#### WHAT THE EXERCISE ASKS
All lines from the entries below that contain the string "hyps" should be copied out.

Collected data
(* Let $d,e,r\geq 2$ be integers, and let $S(d,e,r)$ be the smallest set of positive integers such that (a) $r\in S$; (b) $n\in S$ whenever $n^e\in S$; (c) $(n+d)^e\in S$ whenever $n\in S$. Then $$S(d,e,r)=\{n\geq 2 : n\not\equiv 0 \pmod d\}$$ if and only if all of the following hold: (1) $d=p$ is prime; (2) $r\not\equiv 0\pmod p$; (3) $e$ is a multiple of the radical of $p-1$, i.e. if $p-1=p_1^{n_1}\cdots p_k^{n_k}$ with distinct primes $p_i$ and $n_i\geq 1$, then $p_1p_2\cdots p_k \mid e$.
   Context: "Smallest" means contained in every set of positive integers satisfying (a), (b), (c). The set $S(d,e,r)$ is called a maximal solution when it equals $\{n\geq 2 : n\not\equiv 0 \pmod d\}$. *)

theory Defs
  imports "HOL-Computational_Algebra.Primes"
begin

inductive_set Sset :: "nat \<Rightarrow> nat \<Rightarrow> nat \<Rightarrow> nat set" for d e r where
  base: "r > 0 \<Longrightarrow> r \<in> Sset d e r"
| root: "n > 0 \<Longrightarrow> n ^ e \<in> Sset d e r \<Longrightarrow> n \<in> Sset d e r"
| shift: "n \<in> Sset d e r \<Longrightarrow> (n + d) ^ e \<in> Sset d e r"

end

theory Submission
  imports Defs "HOL-Number_Theory.Number_Theory"
begin

(* Both maps n \<mapsto> n^e and n \<mapsto> n + d preserve, for a prime q dividing d, whether q divides n,
   and, when q * k = \<phi>(d) with q coprime to e, whether n^k = 1 (mod d).  So every element
   of S(d,e,r) agrees with r on these properties.  If d is composite, a prime factor q < d of d
   and d + 1 cannot both lie in S; if d = p is prime and q divides p - 1 but not e, then 1 + p
   and g + p for a primitive root g cannot both lie in S.
   Conversely, S is closed under n \<mapsto> n + d (the root of the shift) and under e-th roots, and it
   meets the residue class of r^(e^K) for every K.  If every prime factor of p - 1 divides e,
   then p - 1 divides e^K for large K, so S contains some s = 1 (mod p) by Fermat; for n \<ge> 2
   prime to p and K large, n^(e^K) is also 1 (mod p) and at least s, hence in S, and so is n. *)

lemma coprime_prime_right_iff:
  fixes p n :: nat
  assumes "prime p"
  shows "coprime n p \<longleftrightarrow> \<not> p dvd n"
  using assms by (metis coprime_absorb_left coprime_commute not_prime_unit prime_imp_coprime)

lemma coprime_add_self_left_iff:
  fixes n d :: nat
  shows "coprime (n + d) d \<longleftrightarrow> coprime n d"
  by (metis gcd_add1 coprime_iff_gcd_eq_1)

lemma Sset_pos: "n \<in> Sset d e r \<Longrightarrow> n > 0"
  by (induction rule: Sset.induct) auto

lemma Sset_ge_2:
  assumes "n \<in> Sset d e r" "r \<ge> 2" "e > 0"
  shows "n \<ge> 2"
  using assms(1)
proof induction
  case (root n)
  then show ?case by (cases "n = 1") auto
next
  case (shift n)
  have "n + d \<le> (n + d) ^ e" using assms(3) shift.IH by (simp add: self_le_power)
  then show ?case using shift.IH by linarith
qed (use assms(2) in simp)

lemma Sset_add_multiple:
  assumes "n \<in> Sset d e r"
  shows "n + k * d \<in> Sset d e r"
proof (induction k)
  case (Suc k)
  have "(n + k * d + d) ^ e \<in> Sset d e r" using Suc by (rule Sset.shift)
  then have "n + k * d + d \<in> Sset d e r"
    by (rule Sset.root[rotated]) (use Sset_pos[OF assms] in simp)
  then show ?case by (simp add: algebra_simps)
qed (use assms in simp)

lemma Sset_cong_upward:
  assumes "s \<in> Sset d e r" "s \<le> m" "[m = s] (mod d)"
  shows "m \<in> Sset d e r"
proof -
  obtain k where "m = k * d + s" using assms(2,3) cong_le_nat by blast
  then show ?thesis using Sset_add_multiple[OF assms(1), of k] by (simp add: add.commute)
qed

lemma Sset_root_iterated:
  assumes "n > 0" "n ^ (e ^ k) \<in> Sset d e r"
  shows "n \<in> Sset d e r"
  using assms(2)
proof (induction k)
  case (Suc k)
  have "(n ^ e ^ k) ^ e \<in> Sset d e r"
    using Suc.prems by (simp add: power_mult[symmetric] mult.commute)
  then have "n ^ e ^ k \<in> Sset d e r" by (rule Sset.root[rotated]) (use assms(1) in simp)
  then show ?case by (rule Suc.IH)
qed simp

lemma Sset_contains_cong_power:
  assumes "r > 0"
  shows "\<exists>s\<in>Sset d e r. [s = r ^ (e ^ k)] (mod d)"
proof (induction k)
  case 0
  show ?case using Sset.base[OF assms, of d e] by (intro bexI[of _ r]) simp_all
next
  case (Suc k)
  then obtain s where s: "s \<in> Sset d e r" "[s = r ^ e ^ k] (mod d)" by blast
  have "[s + d = r ^ e ^ k] (mod d)" using s(2) by (simp add: cong_def)
  then have "[(s + d) ^ e = (r ^ e ^ k) ^ e] (mod d)" by (rule cong_pow)
  also have "(r ^ e ^ k) ^ e = r ^ e ^ Suc k" by (simp add: power_mult[symmetric] mult.commute)
  finally have "[(s + d) ^ e = r ^ e ^ Suc k] (mod d)" .
  then show ?case using Sset.shift[OF s(1)] by blast
qed

lemma Sset_prime_dvd_iff:
  assumes "n \<in> Sset d e r" "prime q" "q dvd d" "e > 0"
  shows "q dvd n \<longleftrightarrow> q dvd r"
  using assms(1)
  by induction (use assms in \<open>auto simp: prime_dvd_power_iff dvd_add_left_iff\<close>)

lemma Sset_coprime:
  assumes "n \<in> Sset d e r" "coprime r d" "e > 0"
  shows "coprime n d"
  using assms(1)
proof induction
  case (shift n)
  then show ?case using assms(3) by (simp add: coprime_add_self_left_iff)
qed (use assms in simp_all)

lemma cong_power_one_coprime_exponent_iff:
  fixes x m :: nat
  assumes "coprime x m" "q * k = totient m" "coprime q e"
  shows "[(x ^ e) ^ k = 1] (mod m) \<longleftrightarrow> [x ^ k = 1] (mod m)"
proof
  assume "[(x ^ e) ^ k = 1] (mod m)"
  then have "[(x ^ k) ^ e = 1] (mod m)" by (simp add: power_mult[symmetric] mult.commute)
  then have "ord m (x ^ k) dvd e" using ord_divides by blast
  moreover have "(x ^ k) ^ q = x ^ totient m" by (metis power_mult mult.commute assms(2))
  then have "[(x ^ k) ^ q = 1] (mod m)" using euler_theorem[OF assms(1)] by simp
  then have "ord m (x ^ k) dvd q" using ord_divides by blast
  ultimately have "ord m (x ^ k) = 1" using assms(3) coprime_common_divisor_nat by blast
  then show "[x ^ k = 1] (mod m)" using ord_eq_Suc_0_iff by simp
next
  assume "[x ^ k = 1] (mod m)"
  then show "[(x ^ e) ^ k = 1] (mod m)"
    using cong_pow[of "x ^ k" 1 m e] by (simp add: power_mult[symmetric] mult.commute)
qed

lemma Sset_power_residue_invariant:
  assumes "n \<in> Sset m e r" "coprime r m" "e > 0" "q * k = totient m" "coprime q e"
  shows "[n ^ k = 1] (mod m) \<longleftrightarrow> [r ^ k = 1] (mod m)"
  using assms(1)
proof induction
  case (root n)
  have "coprime n m" using Sset_coprime[OF root.hyps(2) assms(2,3)] assms(3) by simp
  then show ?case using root.IH cong_power_one_coprime_exponent_iff[OF _ assms(4,5)] by blast
next
  case (shift n)
  have "coprime (n + m) m"
    using Sset_coprime[OF shift.hyps assms(2,3)] by (simp add: coprime_add_self_left_iff)
  have "[(n + m) ^ k = n ^ k] (mod m)" by (intro cong_pow) (simp add: cong_def)
  then have "[(n + m) ^ k = 1] (mod m) \<longleftrightarrow> [n ^ k = 1] (mod m)" by (simp add: cong_def)
  with \<open>coprime (n + m) m\<close> shift.IH show ?case
    using cong_power_one_coprime_exponent_iff[OF _ assms(4,5)] by blast
qed simp

lemma prod_primes_dvd_iff:
  fixes A :: "'a :: factorial_semiring_gcd set"
  assumes "finite A" "\<forall>q\<in>A. prime q"
  shows "\<Prod>A dvd e \<longleftrightarrow> (\<forall>q\<in>A. q dvd e)"
  using assms
proof (induction A rule: finite_induct)
  case (insert x F)
  have "coprime x (\<Prod>F)"
    using insert by (intro prod_coprime_right primes_coprime) auto
  then show ?case using insert by (auto intro: divides_mult dvd_mult_left dvd_mult_right)
qed simp

lemma dvd_power_self_if_prime_factors_dvd:
  fixes m e :: nat
  assumes "m > 0" "\<forall>q\<in>prime_factors m. q dvd e"
  shows "m dvd e ^ m"
proof (cases "e = 0")
  case True
  then show ?thesis using assms(1) by (simp add: power_0_left)
next
  case False
  show ?thesis
  proof (rule multiplicity_le_imp_dvd)
    fix q :: nat
    assume q: "prime q"
    show "multiplicity q m \<le> multiplicity q (e ^ m)"
    proof (cases "q dvd m")
      case False
      then show ?thesis by (simp add: not_dvd_imp_multiplicity_0)
    next
      case True
      have "multiplicity q m < 2 ^ multiplicity q m" by simp
      also have "\<dots> \<le> q ^ multiplicity q m" using prime_ge_2_nat[OF q] by (simp add: power_mono)
      also have "\<dots> \<le> m" using assms(1) by (simp add: dvd_imp_le multiplicity_dvd)
      finally have "multiplicity q m \<le> m" by simp
      moreover have "multiplicity q e \<ge> 1"
        using True assms q \<open>e \<noteq> 0\<close>
        by (auto simp: Suc_le_eq prime_multiplicity_gt_zero_iff in_prime_factors_iff)
      moreover have "multiplicity q (e ^ m) = m * multiplicity q e"
        using q \<open>e \<noteq> 0\<close> by (simp add: prime_elem_multiplicity_power_distrib)
      ultimately show ?thesis by (metis le_trans mult.right_neutral mult_le_mono)
    qed
  qed (use assms(1) in simp)
qed

lemma cong_power_exp_power_one:
  fixes x m :: nat
  assumes "m > 0" "coprime x m" "\<forall>q\<in>prime_factors (totient m). q dvd e" "totient m \<le> K"
  shows "[x ^ e ^ K = 1] (mod m)"
proof -
  have "totient m dvd e ^ totient m"
    using assms(1,3) by (intro dvd_power_self_if_prime_factors_dvd) simp_all
  also have "\<dots> dvd e ^ K" using assms(4) by (rule le_imp_power_dvd)
  finally show ?thesis using euler_theorem[OF assms(2)] by (meson dvd_trans ord_divides)
qed

lemma Sset_contains_coprime:
  assumes "m > 0" "r > 0" "coprime r m" "e \<ge> 2" "\<forall>q\<in>prime_factors (totient m). q dvd e"
    and "n \<ge> 2" "coprime n m"
  shows "n \<in> Sset m e r"
proof -
  note power_cong_one = cong_power_exp_power_one[OF assms(1) _ assms(5)]
  obtain s where s: "s \<in> Sset m e r" "[s = 1] (mod m)"
    using Sset_contains_cong_power[OF assms(2), of m e "totient m"]
      power_cong_one[OF assms(3) order.refl]
    by (metis cong_trans)
  define K where "K = totient m + s"
  have "s < 2 ^ s" by simp
  also have "\<dots> \<le> 2 ^ K" by (simp add: K_def power_increasing)
  also have "\<dots> \<le> e ^ K" using assms(4) by (simp add: power_mono)
  also have "\<dots> < 2 ^ e ^ K" by simp
  also have "\<dots> \<le> n ^ e ^ K" using assms(6) by (simp add: power_mono)
  finally have "s \<le> n ^ e ^ K" by simp
  moreover have "[n ^ e ^ K = 1] (mod m)" using power_cong_one[OF assms(7)] by (simp add: K_def)
  then have "[n ^ e ^ K = s] (mod m)" using s(2) by (simp add: cong_def)
  ultimately have "n ^ e ^ K \<in> Sset m e r" using Sset_cong_upward[OF s(1)] by blast
  then show ?thesis using Sset_root_iterated assms(6) by simp
qed

lemma Sset_eq_imp_prime:
  assumes eq: "Sset d e r = {n. n \<ge> 2 \<and> \<not> d dvd n}" and "d \<ge> 2" "e > 0"
  shows "prime d"
proof (rule ccontr)
  assume "\<not> prime d"
  obtain q where q: "prime q" "q dvd d" using prime_factor_nat[of d] assms(2) by auto
  then have "q < d" using \<open>\<not> prime d\<close> dvd_imp_le[OF q(2)] assms(2) by (cases "q = d") auto
  then have "q \<in> Sset d e r"
    using eq prime_ge_2_nat[OF q(1)] by (simp add: nat_dvd_not_less)
  moreover have "d + 1 \<in> Sset d e r" using eq assms(2) dvd_add_triv_left_iff[of d 1] by simp
  ultimately have "q dvd d + 1" using Sset_prime_dvd_iff[OF _ q assms(3)] by (metis dvd_refl)
  then show False using q dvd_add_right_iff not_prime_unit by blast
qed

lemma prime_exists_power_not_cong_one:
  assumes "prime p" "0 < k" "k < p - 1"
  shows "\<exists>g. \<not> p dvd g \<and> \<not> [g ^ k = 1] (mod p)"
proof -
  obtain g where "residue_primroot p g"
    using prime_primitive_root_exists[OF prime_gt_1_nat[OF assms(1)] assms(1)] by blast
  then have "coprime g p" and "ord p g = p - 1"
    by (auto simp: residue_primroot_def totient_prime[OF assms(1)] coprime_commute)
  then show ?thesis
    using assms ord_divides nat_dvd_not_less coprime_prime_right_iff by metis
qed

lemma Sset_eq_imp_prime_factors_dvd:
  assumes eq: "Sset p e r = {n. n \<ge> 2 \<and> \<not> p dvd n}" and p: "prime p" and "r > 0" "e > 0"
    and q: "q \<in> prime_factors (p - 1)"
  shows "q dvd e"
proof (rule ccontr)
  have "prime q" "q dvd p - 1" using q by auto
  assume "\<not> q dvd e"
  with \<open>prime q\<close> have "coprime q e" by (rule prime_imp_coprime)
  define k where "k = (p - 1) div q"
  have qk: "q * k = totient p" using \<open>q dvd p - 1\<close> by (simp add: k_def totient_prime[OF p])
  have "0 < k" using qk prime_gt_1_nat[OF p] by (cases "k = 0") (auto simp: totient_prime[OF p])
  moreover have "1 < q" using \<open>prime q\<close> by (rule prime_gt_1_nat)
  ultimately have "k < p - 1" using qk n_less_m_mult_n[of k q] by (simp add: totient_prime[OF p])
  then obtain g where g: "\<not> p dvd g" "\<not> [g ^ k = 1] (mod p)"
    using prime_exists_power_not_cong_one[OF p \<open>0 < k\<close>] by blast
  have "r \<in> Sset p e r" using assms(3) by (rule Sset.base)
  then have "coprime r p" using eq coprime_prime_right_iff[OF p] by simp
  have add_p: "[(x + p) ^ k = x ^ k] (mod p)" for x
    by (intro cong_pow) (simp only: cong_def mod_add_self2)
  have "g + p \<in> Sset p e r" "1 + p \<in> Sset p e r"
    using eq g(1) prime_ge_2_nat[OF p] dvd_add_triv_right_iff[of p 1] by simp_all
  then have "[(g + p) ^ k = 1] (mod p) \<longleftrightarrow> [(1 + p) ^ k = 1] (mod p)"
    using Sset_power_residue_invariant[OF _ \<open>coprime r p\<close> assms(4) qk \<open>coprime q e\<close>] by blast
  then show False using g(2) add_p[of g] add_p[of 1] cong_sym cong_trans by (metis power_one)
qed

theorem theorem17:
  fixes d e r :: nat
  assumes "d \<ge> 2" and "e \<ge> 2" and "r \<ge> 2"
  shows "Sset d e r = {n. n \<ge> 2 \<and> \<not> d dvd n} \<longleftrightarrow>
           (prime d \<and> \<not> d dvd r \<and> (\<Prod>q\<in>prime_factors (d - 1). q) dvd e)"
proof
  assume eq: "Sset d e r = {n. n \<ge> 2 \<and> \<not> d dvd n}"
  have "prime d" using Sset_eq_imp_prime[OF eq] assms by simp
  moreover have "\<not> d dvd r" using eq Sset.base[of r d e] assms(3) by auto
  moreover have "(\<Prod>q\<in>prime_factors (d - 1). q) dvd e"
    using Sset_eq_imp_prime_factors_dvd[OF eq \<open>prime d\<close>] assms
    by (subst prod_primes_dvd_iff) auto
  ultimately show "prime d \<and> \<not> d dvd r \<and> (\<Prod>q\<in>prime_factors (d - 1). q) dvd e" by blast
next
  assume "prime d \<and> \<not> d dvd r \<and> (\<Prod>q\<in>prime_factors (d - 1). q) dvd e"
  then have p: "prime d" and "coprime r d" and rad: "\<forall>q\<in>prime_factors (totient d). q dvd e"
    using prod_primes_dvd_iff[of "prime_factors (d - 1)" e]
    by (auto simp: coprime_prime_right_iff totient_prime)
  note coprime_iff = coprime_prime_right_iff[OF p]
  show "Sset d e r = {n. n \<ge> 2 \<and> \<not> d dvd n}"
  proof (intro equalityI subsetI)
    fix n assume "n \<in> Sset d e r"
    then show "n \<in> {n. n \<ge> 2 \<and> \<not> d dvd n}"
      using Sset_ge_2 Sset_coprime[OF _ \<open>coprime r d\<close>] coprime_iff assms by auto
  next
    fix n assume "n \<in> {n. n \<ge> 2 \<and> \<not> d dvd n}"
    then show "n \<in> Sset d e r"
      using assms \<open>coprime r d\<close> rad coprime_iff by (intro Sset_contains_coprime) auto
  qed
qed

end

#### RESULT BELOW
  have "coprime n m" using Sset_coprime[OF root.hyps(2) assms(2,3)] assms(3) by simp
    using Sset_coprime[OF shift.hyps assms(2,3)] by (simp add: coprime_add_self_left_iff)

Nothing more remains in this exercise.